For deduction under s.80HHC(3)(b) on export of trading goods, the dominant issue was whether "indirect costs" must include all common expenses or only those attributable to export turnover of trading goods. The ITAT held that, on a combined reading of s.80HHC(3)(b) and Expln. clauses (a) and (e), indirect costs (though defined negatively as "not being direct costs") are confined to costs attributable to export turnover of trading goods; costs reasonably attributable to non-export receipts must be excluded at the threshold. Drawing support from Expln. clause (baa) and the legislative assumption of 10% expenses for specified non-export receipts, the assessee's approach to exclude such portion from indirect costs was accepted, granting the deduction accordingly.

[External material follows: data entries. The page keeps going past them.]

(* Let $h\ge-1$ be an integer and $n\ge0$, excluding the case $(n,h)=(0,-1)$. The number of partitions $\lambda\vdash n$ having an $h$-fixed hook arising from a part of size $1$ equals the number of partitions of $n$ in which the part $1$ occurs exactly $h+1$ times. Equivalently, the generating function of the former is $q^{h+1}/(q^2;q)_\infty$ for $h\ge0$ and $1/(q^2;q)_\infty-1$ for $h=-1$.
   Context: A partition $\lambda=(\lambda_1\ge\cdots\ge\lambda_t>0)$ of $n$ has first-column hook lengths $h_{s,1}(\lambda)=\lambda_s+(t-s)$. An $h$-fixed hook arising from a part of size $k$ is an index $s$ with $h_{s,1}(\lambda)=s+h$ and $\lambda_s=k$. Notation: $(a;q)_\infty=\prod_{j\ge0}(1-aq^j)$. *)

theory Defs
  imports Main
begin

text \<open>A partition of n: a weakly decreasing list of positive parts summing to n.
  Parts are lambda_1 >= ... >= lambda_t, stored as xs ! (s-1) for s = 1..t.\<close>
definition partitions :: "nat \<Rightarrow> nat list set" where
  "partitions n = {xs. sorted_wrt (\<ge>) xs \<and> (\<forall>x\<in>set xs. 0 < x) \<and> sum_list xs = n}"

text \<open>First-column hook length h_{s,1} = lambda_s + (t - s), for 1 <= s <= t.\<close>
definition hook1 :: "nat list \<Rightarrow> nat \<Rightarrow> nat" where
  "hook1 xs s = xs ! (s - 1) + (length xs - s)"

definition has_fixed_hook :: "int \<Rightarrow> nat \<Rightarrow> nat list \<Rightarrow> bool" where
  "has_fixed_hook h k xs \<longleftrightarrow>
     (\<exists>s\<in>{1..length xs}. int (hook1 xs s) = int s + h \<and> xs ! (s - 1) = k)"

end

(* Write a partition as its parts >= 2 followed by m ones, and put h = h1 - 1.
   An h-fixed hook at a part 1 in row s means 1 + (t - s) = s + h1 - 1, which has a
   solution s among the rows of ones iff m > 0 and m = (number of parts >= 2) + h1 + 2j
   for some j.  Given a partition with exactly h1 ones, lowering each part >= 3 by one
   and dissolving every part 2 into two ones produces such a partition of the same
   size (with j the number of twos); conversely, raising every part >= 2 by one, keeping
   h1 ones and pairing the remaining 2j ones into twos inverts this. *)

theory Submission
  imports Defs
begin

lemma count_list_replicate:
  "count_list (replicate n x) y = (if x = y then n else 0)"
  by (induction n) auto

lemma sorted_desc_filter_append_replicate:
  fixes xs :: "'a::linorder list"
  assumes "sorted_wrt (\<ge>) xs" and "\<forall>x\<in>set xs. k \<le> x"
  shows "filter (\<lambda>x. k < x) xs @ replicate (count_list xs k) k = xs"
  using assms
proof (induction xs)
  case Nil
  then show ?case by simp
next
  case (Cons x xs)
  show ?case
  proof (cases "k < x")
    case True
    with Cons show ?thesis by simp
  next
    case False
    with Cons.prems have "\<forall>y\<in>set (x # xs). y = k" by fastforce
    then show ?thesis
      by (simp add: count_list_eq_length_filter replicate_length_same)
  qed
qed

lemma sorted_wrt_geq_replicate: "sorted_wrt (\<ge>) (replicate n (x::'a::order))"
  by (induction n) auto

lemma append_replicate_in_partitions:
  assumes "v \<in> partitions n" and "\<forall>x\<in>set v. k \<le> x" and "0 < k"
  shows "v @ replicate m k \<in> partitions (n + m * k)"
  using assms unfolding partitions_def
  by (auto simp: sorted_wrt_append sorted_wrt_geq_replicate sum_list_replicate)

lemma partition_eq_big_parts_append_ones:
  assumes "xs \<in> partitions n"
  obtains v where "sorted_wrt (\<ge>) v" and "\<forall>x\<in>set v. 1 < x"
    and "xs = v @ replicate (count_list xs 1) 1"
proof
  have "\<forall>x\<in>set xs. 1 \<le> x" "sorted_wrt (\<ge>) xs"
    using assms unfolding partitions_def by auto
  then show "xs = filter (\<lambda>x. 1 < x) xs @ replicate (count_list xs 1) 1"
    by (simp add: sorted_desc_filter_append_replicate)
  show "sorted_wrt (\<ge>) (filter (\<lambda>x. 1 < x) xs)"
    using \<open>sorted_wrt (\<ge>) xs\<close> by (simp add: sorted_wrt_filter)
qed simp

lemma partition_eq_big_parts_append_twos_ones:
  assumes "xs \<in> partitions n"
  obtains v where "sorted_wrt (\<ge>) v" and "\<forall>x\<in>set v. 1 < x"
    and "xs = map Suc v @ replicate (count_list xs 2) 2 @ replicate (count_list xs 1) 1"
proof -
  obtain u where u: "sorted_wrt (\<ge>) u" "\<forall>x\<in>set u. 1 < x"
    and xs: "xs = u @ replicate (count_list xs 1) 1"
    using partition_eq_big_parts_append_ones[OF assms] .
  define v where "v = map (\<lambda>x. x - 1) (filter (\<lambda>x. 2 < x) u)"
  have "count_list u 2 = count_list xs 2"
    using arg_cong[OF xs, of "\<lambda>l. count_list l 2"] by (simp add: count_list_replicate)
  moreover have "filter (\<lambda>x. 2 < x) u @ replicate (count_list u 2) 2 = u"
    using u by (intro sorted_desc_filter_append_replicate) auto
  moreover have "map Suc v = filter (\<lambda>x. 2 < x) u"
    unfolding v_def by (induction u) auto
  ultimately have "u = map Suc v @ replicate (count_list xs 2) 2"
    by simp
  with xs have "xs = map Suc v @ replicate (count_list xs 2) 2 @ replicate (count_list xs 1) 1"
    by (metis append.assoc)
  moreover have "sorted_wrt (\<ge>) v"
    unfolding v_def sorted_wrt_map
    by (rule sorted_wrt_mono_rel[OF _ sorted_wrt_filter[OF u(1)]]) (simp add: diff_le_mono)
  moreover have "\<forall>x\<in>set v. 1 < x"
    unfolding v_def by auto
  ultimately show thesis
    using that by blast
qed

lemma has_fixed_hook_one_iff:
  assumes "\<forall>x\<in>set v. 1 < x"
  shows "has_fixed_hook (int h1 - 1) 1 (v @ replicate m 1)
    \<longleftrightarrow> 0 < m \<and> (\<exists>j. m = length v + h1 + 2 * j)"
proof
  assume "has_fixed_hook (int h1 - 1) 1 (v @ replicate m 1)"
  then obtain s where s: "1 \<le> s" "s \<le> length v + m"
    and hook: "int (hook1 (v @ replicate m 1) s) = int s + (int h1 - 1)"
    and one: "(v @ replicate m 1) ! (s - 1) = 1"
    unfolding has_fixed_hook_def by auto
  have "length v < s"
  proof (rule ccontr)
    assume "\<not> length v < s"
    with s(1) have row: "s - 1 < length v"
      by arith
    with one have "v ! (s - 1) = 1"
      by (simp add: nth_append)
    with assms nth_mem[OF row] show False
      by fastforce
  qed
  with s hook one have "length v + m + 2 = 2 * s + h1"
    unfolding hook1_def by auto
  with \<open>length v < s\<close> s(2) show "0 < m \<and> (\<exists>j. m = length v + h1 + 2 * j)"
    by (intro conjI exI[of _ "s - length v - 1"]) auto
next
  assume "0 < m \<and> (\<exists>j. m = length v + h1 + 2 * j)"
  then obtain j where "0 < m" and m: "m = length v + h1 + 2 * j"
    by auto
  let ?s = "length v + j + 1"
  have "j < m"
    using \<open>0 < m\<close> m by linarith
  then have "?s \<in> {1..length (v @ replicate m 1)}"
    by simp
  moreover have one: "(v @ replicate m 1) ! (?s - 1) = 1"
    using \<open>j < m\<close> by (simp add: nth_append)
  moreover have "int (hook1 (v @ replicate m 1) ?s) = int ?s + (int h1 - 1)"
    using m \<open>j < m\<close> unfolding hook1_def one by simp
  ultimately show "has_fixed_hook (int h1 - 1) 1 (v @ replicate m 1)"
    unfolding has_fixed_hook_def by blast
qed

definition lower_parts :: "nat list \<Rightarrow> nat list" where
  "lower_parts xs = map (\<lambda>x. x - 1) (filter (\<lambda>x. 2 < x) xs) @
     replicate (length (filter (\<lambda>x. 2 < x) xs) + count_list xs 1 + 2 * count_list xs 2) 1"

definition raise_parts :: "nat \<Rightarrow> nat list \<Rightarrow> nat list" where
  "raise_parts h1 ys = map Suc (filter (\<lambda>x. 1 < x) ys) @
     replicate ((count_list ys 1 - length (filter (\<lambda>x. 1 < x) ys) - h1) div 2) 2 @
     replicate h1 1"

lemma lower_parts_eq:
  assumes "\<forall>x\<in>set v. 1 < x"
  shows "lower_parts (map Suc v @ replicate c 2 @ replicate m 1)
    = v @ replicate (length v + m + 2 * c) 1"
  using assms by (auto simp: lower_parts_def count_list_replicate count_list_0_iff comp_def)

lemma raise_parts_eq:
  assumes "\<forall>x\<in>set v. 1 < x"
  shows "raise_parts h1 (v @ replicate (length v + h1 + 2 * j) 1)
    = map Suc v @ replicate j 2 @ replicate h1 1"
  using assms by (auto simp: raise_parts_def count_list_replicate)

lemma lower_parts_in_fixed_hook_partitions:
  assumes "xs \<in> partitions n" and "count_list xs 1 = h1" and "0 < n \<or> 0 < h1"
  shows "lower_parts xs \<in> partitions n"
    and "has_fixed_hook (int h1 - 1) 1 (lower_parts xs)"
    and "raise_parts h1 (lower_parts xs) = xs"
proof -
  define c where "c = count_list xs 2"
  obtain v where v: "sorted_wrt (\<ge>) v" "\<forall>x\<in>set v. 1 < x"
    and xs: "xs = map Suc v @ replicate c 2 @ replicate h1 1"
    using partition_eq_big_parts_append_twos_ones[OF assms(1)] unfolding c_def assms(2) .
  have n: "n = sum_list v + (length v + h1 + 2 * c)"
    using assms(1) unfolding partitions_def xs by (simp add: sum_list_Suc sum_list_replicate)
  have lower: "lower_parts xs = v @ replicate (length v + h1 + 2 * c) 1"
    unfolding xs using v(2) by (rule lower_parts_eq)
  have "v \<in> partitions (sum_list v)"
    using v unfolding partitions_def by auto
  then have "v @ replicate (length v + h1 + 2 * c) 1
      \<in> partitions (sum_list v + (length v + h1 + 2 * c) * 1)"
    by (rule append_replicate_in_partitions) (use v(2) in auto)
  then show "lower_parts xs \<in> partitions n"
    unfolding lower n by simp
  have "0 < length v + h1 + 2 * c"
    using assms(3) n by (cases v) auto
  then show "has_fixed_hook (int h1 - 1) 1 (lower_parts xs)"
    unfolding lower has_fixed_hook_one_iff[OF v(2)] by blast
  show "raise_parts h1 (lower_parts xs) = xs"
    unfolding lower raise_parts_eq[OF v(2)] by (rule xs[symmetric])
qed

lemma raise_parts_in_count_ones_partitions:
  assumes "ys \<in> partitions n" and "has_fixed_hook (int h1 - 1) 1 ys"
  shows "raise_parts h1 ys \<in> partitions n"
    and "count_list (raise_parts h1 ys) 1 = h1"
    and "lower_parts (raise_parts h1 ys) = ys"
proof -
  define m where "m = count_list ys 1"
  obtain v where v: "sorted_wrt (\<ge>) v" "\<forall>x\<in>set v. 1 < x" and ys: "ys = v @ replicate m 1"
    using partition_eq_big_parts_append_ones[OF assms(1)] unfolding m_def .
  obtain j where m: "m = length v + h1 + 2 * j"
    using assms(2) unfolding ys has_fixed_hook_one_iff[OF v(2)] by blast
  have raise: "raise_parts h1 ys = map Suc v @ replicate j 2 @ replicate h1 1"
    unfolding ys m using v(2) by (rule raise_parts_eq)
  have "map Suc v \<in> partitions (sum_list (map Suc v))"
    using v(1) unfolding partitions_def by (simp add: sorted_wrt_map)
  then have "map Suc v @ replicate j 2 \<in> partitions (sum_list (map Suc v) + j * 2)"
    by (rule append_replicate_in_partitions) (use v(2) in auto)
  then have "(map Suc v @ replicate j 2) @ replicate h1 1
      \<in> partitions (sum_list (map Suc v) + j * 2 + h1 * 1)"
    by (rule append_replicate_in_partitions) (use v(2) in auto)
  moreover have "sum_list (map Suc v) + j * 2 + h1 * 1 = n"
    using assms(1) m unfolding partitions_def ys by (simp add: sum_list_Suc sum_list_replicate)
  ultimately show "raise_parts h1 ys \<in> partitions n"
    unfolding raise by simp
  show "count_list (raise_parts h1 ys) 1 = h1"
    unfolding raise using v(2) by (auto simp: count_list_replicate count_list_0_iff)
  show "lower_parts (raise_parts h1 ys) = ys"
    unfolding raise lower_parts_eq[OF v(2)] using ys m by simp
qed

lemma bij_betw_lower_parts:
  assumes "0 < n \<or> 0 < h1"
  shows "bij_betw lower_parts {xs \<in> partitions n. count_list xs 1 = h1}
    {ys \<in> partitions n. has_fixed_hook (int h1 - 1) 1 ys}"
  by (rule bij_betw_byWitness[where f' = "raise_parts h1"])
    (use assms lower_parts_in_fixed_hook_partitions raise_parts_in_count_ones_partitions in auto)

theorem theorem3p2:
  fixes h :: int and n :: nat
  assumes "h \<ge> -1" and "\<not> (n = 0 \<and> h = -1)"
  shows "card {xs \<in> partitions n. has_fixed_hook h 1 xs}
       = card {xs \<in> partitions n. count_list xs 1 = nat (h + 1)}"
proof -
  define h1 where "h1 = nat (h + 1)"
  have h: "h = int h1 - 1"
    using assms(1) unfolding h1_def by simp
  have "0 < n \<or> 0 < h1"
    using assms unfolding h1_def by auto
  then have "bij_betw lower_parts {xs \<in> partitions n. count_list xs 1 = h1}
      {ys \<in> partitions n. has_fixed_hook h 1 ys}"
    unfolding h by (rule bij_betw_lower_parts)
  then show ?thesis
    unfolding h1_def by (simp add: bij_betw_same_card)
qed

end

Issues Involved: 1. Attribution of indirect costs to export incentives for deduction u/s 80HHC(3)(b). 2. Disallowance of Rs. 10,000 under postage, telegram, telephone, and telex expenses.
Summary:
Issue 1: Attribution of Indirect Costs to Export Incentives for Deduction u/s 80HHC(3)(b)
The assessee, a partnership firm engaged in the export of trading goods, claimed a deduction of Rs. 84,87,278 u/s 80HHC(3)(b). The controversy centered on whether a part of the "indirect costs" should be attributed to the export incentives received by the assessee, which included duty drawback, excise duty refund, international price reimbursement, octroi duty refund, and sales tax refund, totaling Rs. 10,95,669. The assessee argued that 10% of these incentives (Rs. 1,09,567) should be attributed as indirect costs to the earning of these incentives, thereby reducing the indirect expenses debited in the profit & loss account for computing the deduction.
The income-tax authorities opposed this, contending that no part of the indirect costs should be attributed to the export incentives. The assessee's contention was that export incentives are not "export turnover" as defined in clause (b) of the Explanation below sub-section (4B) and are excluded from "total turnover" by the proviso thereto. Therefore, indirect costs attributable to export incentives should not be considered as costs "attributable to such export."
The Tribunal examined the legislative intent and the definitions of "direct costs" and "indirect costs" in clauses (a) and (e) of the Explanation below sub-section (3). It concluded that indirect costs should be attributable to the export turnover of trading goods and that any indirect costs reasonably attributable to receipts other than export turnover should be excluded. The Tribunal noted that the Legislature recognized that 10% of certain receipts might be incurred as expenses to earn them, as reflected in clause (baa) of the Explanation below sub-section (4B) and the proviso to sub-section (3).
The Tribunal found merit in the assessee's claim, supported by previous Tribunal orders favoring the assessee's view. It held that the assessee could reduce the indirect costs by 10% of the export incentives, thereby increasing the deduction u/s 80HHC.
Issue 2: Disallowance of Rs. 10,000 under Postage, Telegram, Telephone, and Telex Expenses
This ground will be decided by the Division Bench.